How to approximate an expression containing very large numbers? Ok so I have today found an expression that wolfram alpha breaks on. I think so anyhow.
I would like to evaluate (very roughly)
$$1-(\frac{1}{2^{1021}})^{6*10^{10}}\frac{2^{1021}!}{(2^{1021}-6*10^{10})!}$$
Wolfram Alpha answers that this expression is $1$ which is wrong and is the first expressions I've seen it stumble on (quite badly too).

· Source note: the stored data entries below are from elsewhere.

(* Let $G=(V,D,B)$ be a simple mixed graph. Then the set of covariance matrices $$\mathcal{M}_G=\{(I-\Lambda)^{-T}\Omega(I-\Lambda)^{-1}:\ \Lambda\in\mathbb{R}^D_{\mathrm{reg}},\ \Omega\in \mathit{PD}(B)\}$$ has dimension $\dim(\mathcal{M}_G)=|V|+|D|+|B|$.
   Context: A mixed graph with vertex set $V$ (finite) is a triple $G=(V,D,B)$, where $D$ is a set of ordered pairs $(i,j)$ with $i\neq j$ (directed edges $i\to j$) and $B$ is a set of unordered pairs $\{i,j\}$ with $i\ne j$ (bidirected edges $i\leftrightarrow j$). $G$ is simple if any two distinct nodes are joined by at most one edge of any type (so $i\to j$ and $j\to i$ cannot both be present, and a bidirected edge cannot coexist with a directed edge between the same pair); directed cycles of length $\ge 3$ are allowed. $\mathbb{R}^D$ is the set of real $V\times V$ matrices $\Lambda=(\lambda_{ij})$ with $\lambda_{ij}=0$ whenever $(i,j)\notin D$; $\mathbb{R}^D_{\mathrm{reg}}$ is the subset with $I-\Lambda$ invertible. $\mathit{PD}(B)$ is the set of positive definite symmetric $V\times V$ matrices $\Omega=(\omega_{ij})$ with $\omega_{ij}=0$ whenever $i\neq j$ and $\{i,j\}\notin B$. Dimension is the dimension of $\mathcal{M}_G$ as a (semialgebraic) subset of the space of symmetric $V\times V$ matrices. *)

theory Defs
  imports "HOL-Analysis.Analysis"
begin

text \<open>Vertex set V is a finite type 'v. Directed edges D: ordered pairs; bidirected
edges B: unordered pairs, represented as two-element sets.\<close>

definition simple_mixed_graph :: "('v \<times> 'v) set \<Rightarrow> 'v set set \<Rightarrow> bool" where
  "simple_mixed_graph D B \<longleftrightarrow>
     (\<forall>(i,j)\<in>D. i \<noteq> j \<and> (j,i) \<notin> D \<and> {i,j} \<notin> B) \<and>
     (\<forall>e\<in>B. \<exists>i j. i \<noteq> j \<and> e = {i,j})"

The reason why it's wrong is that unless I made a mistake somewhere this is (roughly) the chance of getting a collision when choosing $6*10^{10}$ primes of length $2^{1024}$ uniformly at random. Since you should get a probability of one half after choosing roughly $2^{510}$ primes you should be getting something very close to zero after choosing "only" 60 billion. I have a few ideas how to approximate the result but the factorials are giving me trouble. 

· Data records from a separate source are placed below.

(* Let $G$, $m$ and $\mathrm{Stone}(G,m)$ be as below, let $i$ be a non-source vertex of $G$ with predecessors $i'$ and $i''$, let $1\le j\le m$, and let $F=\{\overline r_{j_1},\dots,\overline r_{j_\ell}\}$ be a set of negated $r$-literals with $\overline r_j\notin F$. Then there is a regular tree-like resolution derivation of the clause $F\lor\overline p_{i,j}\lor r_j$ from the clauses of $\mathrm{Stone}(G,m)$ together with the clauses $\overline p_{i',k}\lor r_k$ and $\overline p_{i'',k}\lor r_k$ for $1\le k\le m$, which has size $O(m^2)$ and whose resolution variables are only among the variables $r_k$ with $k\notin\{j,j_1,\dots,j_\ell\}$ and the variables $p_{i',k}$ and $p_{i'',k}$ for $1\le k\le m$.
   Context: Let $G=(V,E)$ be a directed acyclic graph with vertex set $V=\{1,\dots,N\}$, single sink $1$, each non-source vertex of in-degree exactly $2$, edges $(i',i)$ satisfying $i'>i$, sources exactly $n+1,\dots,N$; let $m\ge N$. $\mathrm{Stone}(G,m)$ consists of: $\bigvee_{j=1}^m p_{i,j}$ for each vertex $i$; $\overline p_{i,j}\lor r_j$ for each source $i$ and each $j$; $\overline p_{1,j}\lor\overline r_j$ for each $j$; and $\overline p_{i',j'}\lor\overline r_{j'}\lor\overline p_{i'',j''}\lor\overline r_{j''}\lor\overline p_{i,j}\lor r_j$ whenever $i',i''$ are the two predecessors of $i$ and $j\notin\{j',j''\}$. A resolution inference derives $(A\setminus\{x\})\cup(B\setminus\{\overline x\})$ from $A\ni x$ and $B\ni\overline x$. A derivation is tree-like if its underlying dag is a tree, and a derivation of a clause $C$ is regular if no variable is used as a resolution variable more than once along any path and no variable occurring in $C$ is used as a resolution variable. Size = number of clauses; the $O(\cdot)$ constant is absolute. *)

theory Defs
  imports Complex_Main
begin

text \<open>Graphs: vertices 1..N, edge set E of pairs (i', i) meaning an edge from i' to i.\<close>

definition preds :: "(nat \<times> nat) set \<Rightarrow> nat \<Rightarrow> nat set" where
  "preds E i = {i'. (i', i) \<in> E}"

definition succs :: "(nat \<times> nat) set \<Rightarrow> nat \<Rightarrow> nat set" where
  "succs E i = {i''. (i, i'') \<in> E}"

definition stone_graph :: "nat \<Rightarrow> nat \<Rightarrow> (nat \<times> nat) set \<Rightarrow> bool" where
  "stone_graph N n E \<longleftrightarrow>
     1 \<le> N \<and>
     E \<subseteq> {1..N} \<times> {1..N} \<and>
     (\<forall>(a, b) \<in> E. a > b) \<and>
     {v \<in> {1..N}. succs E v = {}} = {1} \<and>
     {v \<in> {1..N}. preds E v = {}} = {n+1..N} \<and>
     (\<forall>v \<in> {1..N}. preds E v \<noteq> {} \<longrightarrow> card (preds E v) = 2)"

datatype var = P nat nat | R nat

datatype lit = Pos var | Neg var

type_synonym clause = "lit set"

Any ideas on how to do this will be welcomed. Obviously any answer that can bound the number within a couple orders of magnitude would be great.
 A: We want $1-f(n,m)$, where $f(n,m) = \frac{n!}{(n-m)!} n^{-m}$, for $n = 2^{1021},\ \ m=6\cdot10^{10}$. 

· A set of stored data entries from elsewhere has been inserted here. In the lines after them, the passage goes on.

lemma ncpoly_word_expansion:
  assumes "finite {w. f w \<noteq> 0}"
  shows "NCPoly f = (\<Sum>w\<in>{w. f w \<noteq> 0}. smult (f w) (word w))"
proof (rule ncpoly_eqI, rule ext)
  fix u
  have "coeffs (\<Sum>w\<in>{w. f w \<noteq> 0}. smult (f w) (word w)) u
      = (\<Sum>w\<in>{w. f w \<noteq> 0}. if u = w then f w else 0)"
    by (auto simp: coeffs_sum word_def fa_smul_def sum_fun_apply intro!: sum.cong)
  also have "\<dots> = f u" using assms by (cases "f u = 0") (auto simp: sum.delta)
  finally show "coeffs (NCPoly f) u = coeffs (\<Sum>w\<in>{w. f w \<noteq> 0}. smult (f w) (word w)) u" by simp
qed

lemma FA_add: "f \<in> FA E0 E1 \<Longrightarrow> g \<in> FA E0 E1 \<Longrightarrow> f + g \<in> FA E0 E1"
proof -
  assume "f \<in> FA E0 E1" "g \<in> FA E0 E1"
  moreover have "{w. (f + g) w \<noteq> 0} \<subseteq> {w. f w \<noteq> 0} \<union> {w. g w \<noteq> 0}" by auto
  ultimately show ?thesis unfolding FA_def by (auto intro: finite_subset)
qed

lemma FA_smul: "f \<in> FA E0 E1 \<Longrightarrow> fa_smul k f \<in> FA E0 E1"
proof -
  assume "f \<in> FA E0 E1"
  moreover have "{w. fa_smul k f w \<noteq> 0} \<subseteq> {w. f w \<noteq> 0}" by (auto simp: fa_smul_def)
  ultimately show ?thesis unfolding FA_def by (auto intro: finite_subset simp: fa_smul_def)
qed

lemma FA_zero: "0 \<in> FA E0 E1"
  by (simp add: FA_def)

lemma FA_diff: "f \<in> FA E0 E1 \<Longrightarrow> g \<in> FA E0 E1 \<Longrightarrow> f - g \<in> FA E0 E1"
  using FA_add[of f E0 E1 "fa_smul (-1) g"] FA_smul[of g E0 E1 "-1"]
  by (simp add: fa_smul_def fun_diff_def plus_fun_def)

lemma fa_mult_nonzero_split:
  assumes "fa_mult f g w \<noteq> 0"
  obtains i where "f (take i w) \<noteq> 0" "g (drop i w) \<noteq> 0"
proof -
  have "\<exists>i. f (take i w) \<noteq> 0 \<and> g (drop i w) \<noteq> 0"
  proof (rule ccontr)
    assume "\<not> ?thesis"
    then have "fa_mult f g w = 0" unfolding fa_mult_def by (intro sum.neutral) auto
    with assms show False by simp
  qed
  then show ?thesis using that by blast
qed

lemma FA_mult:
  assumes f: "f \<in> FA E0 E1" and g: "g \<in> FA E0 E1"
  shows "fa_mult f g \<in> FA E0 E1"
proof -
  have "{w. fa_mult f g w \<noteq> 0} \<subseteq> (\<lambda>(u, v). u @ v) ` ({w. f w \<noteq> 0} \<times> {w. g w \<noteq> 0})"
  proof
    fix w assume "w \<in> {w. fa_mult f g w \<noteq> 0}"
    then obtain i where "f (take i w) \<noteq> 0" "g (drop i w) \<noteq> 0"
      by (auto elim: fa_mult_nonzero_split)
    then show "w \<in> (\<lambda>(u, v). u @ v) ` ({w. f w \<noteq> 0} \<times> {w. g w \<noteq> 0})"
      by (intro image_eqI[of _ _ "(take i w, drop i w)"]) auto
  qed
  moreover have "finite ((\<lambda>(u, v). u @ v) ` ({w. f w \<noteq> 0} \<times> {w. g w \<noteq> 0}))"
    using f g unfolding FA_def by auto
  moreover have "w \<noteq> [] \<and> set w \<subseteq> gens E0 E1" if nz: "fa_mult f g w \<noteq> 0" for w
  proof -
    obtain i where "f (take i w) \<noteq> 0" "g (drop i w) \<noteq> 0"
      by (rule fa_mult_nonzero_split[OF nz])
    then have "take i w \<noteq> []" "set (take i w) \<subseteq> gens E0 E1" "set (drop i w) \<subseteq> gens E0 E1"
      using f g unfolding FA_def by auto
    then show ?thesis by (metis append_take_drop_id set_append take_Nil Un_least)
  qed
  ultimately show ?thesis unfolding FA_def by (auto intro: finite_subset)
qed

lemma FA_sum: "(\<And>a. a \<in> S \<Longrightarrow> f a \<in> FA E0 E1) \<Longrightarrow> sum f S \<in> FA E0 E1"
  by (induction S rule: infinite_finite_induct) (auto intro: FA_add FA_zero)

lemma gens_iff [simp]:
  "Vx v \<in> gens E0 E1 \<longleftrightarrow> v \<in> E0" "Ed e \<in> gens E0 E1 \<longleftrightarrow> e \<in> E1" "Gh e \<in> gens E0 E1 \<longleftrightarrow> e \<in> E1"
  by (auto simp: gens_def)

lemma FA_gen: "x \<in> gens E0 E1 \<Longrightarrow> gen x \<in> FA E0 E1"
  unfolding FA_def gen_def by auto

lemma cohn_ideal_subset_FA:
  assumes "s ` E1 \<subseteq> E0" "r ` E1 \<subseteq> E0" "X \<subseteq> E0"
  shows "cohn_ideal E0 E1 r s X \<subseteq> FA E0 E1"
proof
  fix a assume "a \<in> cohn_ideal E0 E1 r s X"
  then show "a \<in> FA E0 E1"
  proof (induction a rule: cohn_ideal.induct)
    case (rel \<rho>)
    have vtx: "v \<in> E0 \<Longrightarrow> gen (Vx v) \<in> FA E0 E1" for v by (simp add: FA_gen)
    have edge: "e \<in> E1 \<Longrightarrow> gen (Ed e) \<in> FA E0 E1" for e by (simp add: FA_gen)
    have ghost: "e \<in> E1 \<Longrightarrow> gen (Gh e) \<in> FA E0 E1" for e by (simp add: FA_gen)
    have ee: "ee_sum E1 s v \<in> FA E0 E1" for v
      unfolding ee_sum_def by (rule FA_sum) (auto intro: FA_mult edge ghost)
    have if_zero: "a \<in> FA E0 E1 \<Longrightarrow> (if P then a else 0) \<in> FA E0 E1" for a P
      by (simp add: FA_zero)
    have ends: "e \<in> E1 \<Longrightarrow> s e \<in> E0" "e \<in> E1 \<Longrightarrow> r e \<in> E0" for e
      using assms(1,2) by auto
    from rel.hyps show ?case
      unfolding cohn_rels_def
      by (elim UnE)
        (blast intro: FA_diff FA_mult vtx edge ghost ee if_zero ends subsetD[OF assms(3)])+
  qed (blast intro: FA_zero FA_add FA_smul FA_mult)+
qed

section \<open>The Cohn relations\<close>

locale cohn_graph =
  fixes E0 :: "'v set" and E1 :: "'e set" and r s :: "'e \<Rightarrow> 'v" and X :: "'v set"
  assumes source_in_E0: "s ` E1 \<subseteq> E0" and range_in_E0: "r ` E1 \<subseteq> E0"
    and X_subset_Reg: "X \<subseteq> Reg E0 E1 s"
begin

lemma s_in_E0 [simp]: "e \<in> E1 \<Longrightarrow> s e \<in> E0"
  using source_in_E0 by auto

lemma r_in_E0 [simp]: "e \<in> E1 \<Longrightarrow> r e \<in> E0"
  using range_in_E0 by auto

lemma Reg_in_E0: "v \<in> Reg E0 E1 s \<Longrightarrow> v \<in> E0"
  by (simp add: Reg_def)

definition in_FA :: "('v, 'e, 'k::field) ncpoly \<Rightarrow> bool" where
  "in_FA x \<longleftrightarrow> coeffs x \<in> FA E0 E1"

definition in_ideal :: "('v, 'e, 'k::field) ncpoly \<Rightarrow> bool" where
  "in_ideal x \<longleftrightarrow> coeffs x \<in> cohn_ideal E0 E1 r s X"

definition cohn_eq :: "('v, 'e, 'k::field) ncpoly \<Rightarrow> ('v, 'e, 'k) ncpoly \<Rightarrow> bool" (infix "\<approx>" 50)
  where "x \<approx> y \<longleftrightarrow> in_ideal (x - y)"

definition gen_poly :: "('v, 'e) cgen \<Rightarrow> ('v, 'e, 'k::field) ncpoly" where
  "gen_poly x = NCPoly (gen x)"

abbreviation vtx :: "'v \<Rightarrow> ('v, 'e, 'k::field) ncpoly" where "vtx v \<equiv> gen_poly (Vx v)"
abbreviation edge :: "'e \<Rightarrow> ('v, 'e, 'k::field) ncpoly" where "edge e \<equiv> gen_poly (Ed e)"
abbreviation ghost :: "'e \<Rightarrow> ('v, 'e, 'k::field) ncpoly" where "ghost e \<equiv> gen_poly (Gh e)"

definition out_edges :: "'v \<Rightarrow> 'e set" where
  "out_edges v = {e \<in> E1. s e = v}"

definition ee :: "'v \<Rightarrow> ('v, 'e, 'k::field) ncpoly" where
  "ee v = (\<Sum>e\<in>out_edges v. edge e * ghost e)"

definition q :: "'v \<Rightarrow> ('v, 'e, 'k::field) ncpoly" where
  "q v = vtx v - ee v"

lemma coeffs_ee: "coeffs (ee v) = ee_sum E1 s v"
  by (simp add: ee_def ee_sum_def out_edges_def coeffs_sum gen_poly_def)

lemma out_edgesI [intro]: "e \<in> E1 \<Longrightarrow> e \<in> out_edges (s e)"
  and out_edgesD: "e \<in> out_edges v \<Longrightarrow> e \<in> E1 \<and> s e = v"
  by (auto simp: out_edges_def)

lemma finite_out_edges: "v \<in> Reg E0 E1 s \<Longrightarrow> finite (out_edges v)"
  by (simp add: Reg_def out_edges_def)

lemma in_FA_add [intro!]: "in_FA x \<Longrightarrow> in_FA y \<Longrightarrow> in_FA (x + y)"
  and in_FA_diff [intro!]: "in_FA x \<Longrightarrow> in_FA y \<Longrightarrow> in_FA (x - y)"
  and in_FA_mult [intro!]: "in_FA x \<Longrightarrow> in_FA y \<Longrightarrow> in_FA (x * y)"
  and in_FA_smult [intro!]: "in_FA x \<Longrightarrow> in_FA (smult k x)"
  and in_FA_zero [intro!, simp]: "in_FA 0"
  by (simp_all add: in_FA_def FA_add FA_diff FA_mult FA_smul FA_zero)

lemma in_FA_sum [intro!]: "(\<And>a. a \<in> S \<Longrightarrow> in_FA (f a)) \<Longrightarrow> in_FA (sum f S)"
  by (simp add: in_FA_def coeffs_sum FA_sum)

lemma in_FA_gen_poly [intro!, simp]: "x \<in> gens E0 E1 \<Longrightarrow> in_FA (gen_poly x)"
  by (simp add: in_FA_def gen_poly_def FA_gen)

lemma in_FA_ee [intro!, simp]: "in_FA (ee v)"
  unfolding ee_def by (auto simp: out_edges_def)

lemma in_FA_q [intro!, simp]: "v \<in> E0 \<Longrightarrow> in_FA (q v)"
  unfolding q_def by auto

lemma in_ideal_in_FA: "in_ideal x \<Longrightarrow> in_FA x"
  using cohn_ideal_subset_FA[OF source_in_E0 range_in_E0] X_subset_Reg
  by (auto simp: in_ideal_def in_FA_def Reg_def)

lemma in_ideal_zero [intro!, simp]: "in_ideal 0"
  and in_ideal_add [intro!]: "in_ideal x \<Longrightarrow> in_ideal y \<Longrightarrow> in_ideal (x + y)"
  and in_ideal_smult [intro!]: "in_ideal x \<Longrightarrow> in_ideal (smult k x)"
  and in_ideal_mult_left [intro]: "in_FA z \<Longrightarrow> in_ideal x \<Longrightarrow> in_ideal (z * x)"
  and in_ideal_mult_right [intro]: "in_FA z \<Longrightarrow> in_ideal x \<Longrightarrow> in_ideal (x * z)"
  by (simp_all add: in_ideal_def in_FA_def cohn_ideal.intros)

lemma in_ideal_diff [intro!]: "in_ideal x \<Longrightarrow> in_ideal y \<Longrightarrow> in_ideal (x - y)"
  using in_ideal_add[of x "smult (-1) y"] in_ideal_smult[of y "-1"] by (simp add: smult_minus_one)

lemma in_ideal_sum [intro!]: "(\<And>a. a \<in> S \<Longrightarrow> in_ideal (f a)) \<Longrightarrow> in_ideal (sum f S)"
  by (induction S rule: infinite_finite_induct) auto

lemma cohn_eq_refl [intro!, simp]: "x \<approx> x"
  by (simp add: cohn_eq_def)

lemma cohn_eq_sym: "x \<approx> y \<Longrightarrow> y \<approx> x"
  unfolding cohn_eq_def using in_ideal_diff[of 0 "x - y"] by simp

lemma cohn_eq_trans [trans]: "x \<approx> y \<Longrightarrow> y \<approx> z \<Longrightarrow> x \<approx> z"
  unfolding cohn_eq_def using in_ideal_add[of "x - y" "y - z"] by simp

lemma cohn_eq_add [intro]: "x \<approx> y \<Longrightarrow> x' \<approx> y' \<Longrightarrow> x + x' \<approx> y + y'"
  unfolding cohn_eq_def using in_ideal_add[of "x - y" "x' - y'"] by (simp add: algebra_simps)

lemma cohn_eq_diff [intro]: "x \<approx> y \<Longrightarrow> x' \<approx> y' \<Longrightarrow> x - x' \<approx> y - y'"
  unfolding cohn_eq_def using in_ideal_diff[of "x - y" "x' - y'"] by (simp add: algebra_simps)

lemma cohn_eq_smult [intro]: "x \<approx> y \<Longrightarrow> smult k x \<approx> smult k y"
  unfolding cohn_eq_def using in_ideal_smult[of "x - y" k] by simp

lemma cohn_eq_mult_left [intro]: "in_FA z \<Longrightarrow> x \<approx> y \<Longrightarrow> z * x \<approx> z * y"
  unfolding cohn_eq_def using in_ideal_mult_left[of z "x - y"] by (simp add: right_diff_distrib)

lemma cohn_eq_mult_right [intro]: "in_FA z \<Longrightarrow> x \<approx> y \<Longrightarrow> x * z \<approx> y * z"
  unfolding cohn_eq_def using in_ideal_mult_right[of z "x - y"] by (simp add: left_diff_distrib)

lemma cohn_eq_mult: "in_FA x \<Longrightarrow> in_FA y' \<Longrightarrow> x \<approx> y \<Longrightarrow> x' \<approx> y' \<Longrightarrow> x * x' \<approx> y * y'"
  by (meson cohn_eq_mult_left cohn_eq_mult_right cohn_eq_trans)

lemma cohn_eq_sum [intro]: "(\<And>a. a \<in> S \<Longrightarrow> f a \<approx> g a) \<Longrightarrow> sum f S \<approx> sum g S"
  unfolding cohn_eq_def using in_ideal_sum[of S "\<lambda>a. f a - g a"] by (simp add: sum_subtractf)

Using Sage to first compute $\log(f(n,m))$:
R = RealField(prec=200)
def log_factorial(n):
    x = n + 1
    return (x - 1/2)*log(x) - x + log(2*pi)/2 + 1/(12*x)
def log_f(n,m): return R(log_factorial(n) - log_factorial(n-m) - m*log(n))
n = 2^1021
m = 6*10^10
print log_f(n,m)
print 1-e^log_f(n,m)

with output
0.00000000000000000000000000000000000000000000000000000000000
0.00000000000000000000000000000000000000000000000000000000000

A: Using $n! \approx \sqrt{2\pi n}\left(\frac{n}{e}\right)^n$, $\ln n! \approx n\ln(n) - n + \tfrac12\ln(2\pi n)$ and $\ln(1+x) \approx x-\tfrac12x^2$ for small $x$, and some liberal use of these and other approximations, we might get something like 
$\dfrac{m!}{(m-k)!} $ $\approx \exp\left(m\ln(m) - m + \tfrac12\ln(2\pi m) -  (m-k)\ln(m-k) + (m-k) - \tfrac12\ln(2\pi (m-k))      \right)$ $=\exp\left(k\ln(m)+\left(m-k+\tfrac12\right)\ln\left(1+\tfrac{k}{m-k} \right) -k\right)$ $\approx m^k\exp\left(\left(m-k+\tfrac12\right)\left(\tfrac{k}{m-k}-\tfrac12\left(\tfrac{k}{m-k}\right)^2 \right) -k \right) \qquad$ $= m^k\exp\left( -\tfrac12 \tfrac{k^2}{m-k}   +\tfrac12 \tfrac{k}{m-k}-\tfrac14\tfrac{k^2}{(m-k)^2}   \right) \approx m^k\exp\left( -\tfrac12 \tfrac{k^2}{m-k}  \right)$ 
so $1-m^{-k}\tfrac{m!}{(m-k)!} \approx  \tfrac12 \tfrac{k^2}{m-k} $ when $k^2 \ll m$, in which case we may as well use $$1-m^{-k}\dfrac{m!}{(m-k)!} \approx \dfrac{k^2}{2m}.$$
As an example with $m=10^6$ and $k=200$, we would have $\tfrac{k^2}{2m} =0.02$ while in fact $1-m^{-k}\tfrac{m!}{(m-k)!} \approx 0.0197046$.
In your case with setting $m=2^{1021}$ and $k=6\times 10^{10}$, we would  have $\tfrac{k^2}{2m} \approx 8 \times 10^{-287}$ which, as you suspected, is close to $0$.